Der Auslegung widerspricht Verbandspräsident Michael Eschlböck inhaltlich. Was auf der AFBÖ-Seite stehe, dem sei eigentlich nichts hinzuzufügen. Und dabei gehe es ausschließlich um jene Unterlagen, die von den Blue Devils dem Verband zur Verfügung gestellt wurden und nicht um irgendwelche ‚Geheimdokumente‘. Die Unterlagen seien in einigen Punkten – und nicht nur in einem einzigen – eben widersprüchlich. Der AFBÖ habe sich aus mehreren Gründen dazu entschlossen, die Sache danach erst zu behandeln. Zum einen spiele für ihn (Eschlböck) die Optik sehr wohl eine Rolle, mit drei kausal Betroffenen im entscheidungstragenden Gremium, zum anderen sei die Zeit tatsächlich nicht da, um all diese Unterlagen zur Gänze binnen kürzester Zeit einer detaillierten Überprüfung zuzuführen. Der Verband wird das aber in den kommenden Tagen machen.
Das alles riecht förmlich nach tabula rasa nach dem besagten Spiel am kommenden Sonntag.
Man wird sich daher nicht nur auf eine mögliche Strafverifizierung des kommenden Wildcardspiels einstellen müssen, sondern gleichzeitig auch auf das endgültige Ausscheiden von Vorarlberg aus dem Ligabetrieb für 2010. Denn hatte man seitens der Emser in den letzten Jahren ihre Teilnahme sogar noch als Pfand in der Hand, schrumpft die Zahl jener, die die Devils in der Form überhaupt in einer Liga noch haben wollen, langsam aber sicher gegen Null.
Nicht nur das, finden sich die Emser selbst mir ihrem Personalkonzept in der derzeitigen Verbandsstruktur inhaltlich nicht wieder.
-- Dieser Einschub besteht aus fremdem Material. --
(* Let $n\ge1$. As polynomials in the indeterminates $x$ and $y$ with coefficients in $\mathbb{Q}[\mathfrak{B}_n]$, \[\rho_B(x)\rho_B(y)=\rho_B(xy),\qquad\text{where }\rho_B(x)=\sum_{\pi\in\mathfrak{B}_n}\Omega'_B(\pi;(x-1)/4)\,\pi.\]
   Context: $\mathfrak{B}_n$ is the hyperoctahedral group of signed permutations: bijections $\pi$ of $\{-n,\dots,-1,0,1,\dots,n\}$ with $\pi(-i)=-\pi(i)$, written as words $(\pi(1),\dots,\pi(n))$, with $\pi(0)=0$; multiplication in $\mathbb{Q}[\mathfrak{B}_n]$ is composition. For an integer $k\ge0$ let $Z_k$ be the totally ordered set $0<\bar1<1<\bar2<2<\dots<\bar k<k$, where $0$ and unbarred $j$ are "plus-type" and barred $\bar j$ are "minus-type". The type B enriched order polynomial $\Omega'_B(\pi;k)$ is the number of sequences $(a_1,\dots,a_n)\in Z_k^n$ such that, setting $a_0=0$, we have $a_0\le a_1\le\dots\le a_n$ and for every $s\in\{0,1,\dots,n-1\}$: if $\pi(s)<\pi(s+1)$ then $a_s<a_{s+1}$ or ($a_s=a_{s+1}$ is plus-type); if $\pi(s)>\pi(s+1)$ then $a_s<a_{s+1}$ or ($a_s=a_{s+1}$ is minus-type). As a function of $k$ this is the restriction of a unique polynomial with rational coefficients, denoted by the same symbol. *)

theory Defs
  imports "HOL-Combinatorics.Permutations" "HOL-Computational_Algebra.Polynomial" "HOL-Library.FuncSet"
begin

definition signed_perms :: "nat \<Rightarrow> (int \<Rightarrow> int) set" where
  "signed_perms n = {\<pi>. \<pi> permutes {- int n .. int n} \<and> (\<forall>i. \<pi> (- i) = - \<pi> i)}"

text \<open>Encoding of Z_k = 0 < 1bar < 1 < 2bar < 2 < ... < kbar < k as {0..2k}:
  0 is 0, jbar is 2j-1, j is 2j.  Plus-type = even code, minus-type = odd code.\<close>
definition Zk :: "nat \<Rightarrow> nat set" where
  "Zk k = {0 .. 2 * k}"

definition plus_type :: "nat \<Rightarrow> bool" where
  "plus_type z \<longleftrightarrow> even z"

definition minus_type :: "nat \<Rightarrow> bool" where
  "minus_type z \<longleftrightarrow> odd z"

definition enriched_seqs :: "nat \<Rightarrow> (int \<Rightarrow> int) \<Rightarrow> nat \<Rightarrow> (nat \<Rightarrow> nat) set" where
  "enriched_seqs n \<pi> k = {a. a \<in> {0..n} \<rightarrow>\<^sub>E Zk k \<and> a 0 = 0 \<and>
     (\<forall>s<n. a s \<le> a (Suc s) \<and>
        (\<pi> (int s) < \<pi> (int (Suc s)) \<longrightarrow> a s < a (Suc s) \<or> (a s = a (Suc s) \<and> plus_type (a s))) \<and>
        (\<pi> (int s) > \<pi> (int (Suc s)) \<longrightarrow> a s < a (Suc s) \<or> (a s = a (Suc s) \<and> minus_type (a s))))}"

definition omegaB :: "nat \<Rightarrow> (int \<Rightarrow> int) \<Rightarrow> nat \<Rightarrow> nat" where
  "omegaB n \<pi> k = card (enriched_seqs n \<pi> k)"

definition omegaB_poly :: "nat \<Rightarrow> (int \<Rightarrow> int) \<Rightarrow> rat poly" where
  "omegaB_poly n \<pi> = (THE p. \<forall>k. poly p (of_nat k) = of_nat (omegaB n \<pi> k))"

text \<open>Group algebra Q[B_n]: coefficient functions supported on signed_perms n.\<close>
definition ga_mult :: "nat \<Rightarrow> ((int \<Rightarrow> int) \<Rightarrow> rat) \<Rightarrow> ((int \<Rightarrow> int) \<Rightarrow> rat) \<Rightarrow> ((int \<Rightarrow> int) \<Rightarrow> rat)" where
  "ga_mult n f g = (\<lambda>\<sigma>. \<Sum>\<pi>\<in>signed_perms n. \<Sum>\<tau>\<in>signed_perms n.
       if \<pi> \<circ> \<tau> = \<sigma> then f \<pi> * g \<tau> else 0)"

definition rhoB :: "nat \<Rightarrow> rat \<Rightarrow> ((int \<Rightarrow> int) \<Rightarrow> rat)" where
  "rhoB n x = (\<lambda>\<pi>. if \<pi> \<in> signed_perms n then poly (omegaB_poly n \<pi>) ((x - 1) / 4) else 0)"

end

theory Submission
  imports Defs
begin

text \<open>Both sides are polynomial in \<open>x\<close> and \<open>y\<close>, so it suffices to compare them at
  \<open>x = 4 k + 1\<close>, \<open>y = 4 l + 1\<close> for natural \<open>k\<close>, \<open>l\<close>. As \<open>(4 k + 1) (4 l + 1) = 4 (4 k l + k + l) + 1\<close>,
  this is the convolution identity: the sum of \<open>\<Omega>'(\<pi>; k) \<Omega>'(\<tau>; l)\<close> over \<open>\<pi> \<tau> = \<sigma>\<close> is
  \<open>\<Omega>'(\<sigma>; 4 k l + k + l)\<close>, which is proved bijectively.
  An enriched P-partition \<open>a\<close> of \<open>\<pi>\<close> with values in \<open>Z\<^sub>k\<close> becomes the odd function \<open>g\<close> on
  \<open>{-n..n}\<close> with \<open>g (\<pi> s) = a s\<close> and values in \<open>{-2k..2k}\<close>; conversely \<open>g\<close> determines \<open>\<pi>\<close> as the
  unique signed permutation along which \<open>g\<close> increases, ties being broken by position, upwards
  at even and downwards at odd values. Two such functions for the bounds \<open>k\<close> and \<open>l\<close> combine,
  as the low and high digits in the balanced base \<open>4 k + 1\<close>, into one for the bound
  \<open>4 k l + k + l\<close> whose permutation is the product of theirs, and every function for that
  bound arises exactly once. Polynomiality of \<open>\<Omega>'(\<pi>; k)\<close> in \<open>k\<close> follows from a recursion on
  the largest value.\<close>

section \<open>Polynomial sequences\<close>

definition polynomial_seq :: "(nat \<Rightarrow> 'a::field_char_0) \<Rightarrow> bool" where
  "polynomial_seq f \<longleftrightarrow> (\<exists>p. \<forall>k. poly p (of_nat k) = f k)"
Daher überlege man sich, so Piringer abschließend, eine Mitgliedschaft im AFBÖ aufrecht zu erhalten, um mit den Nachwuchsmannschaften innerhalb einer Meisterschaft anzutreten, mit der Kampfmannschaft aber neue Wege zu gehen.
Das ist womöglich auch das Vernünftigste, was einem dazu noch einfällt.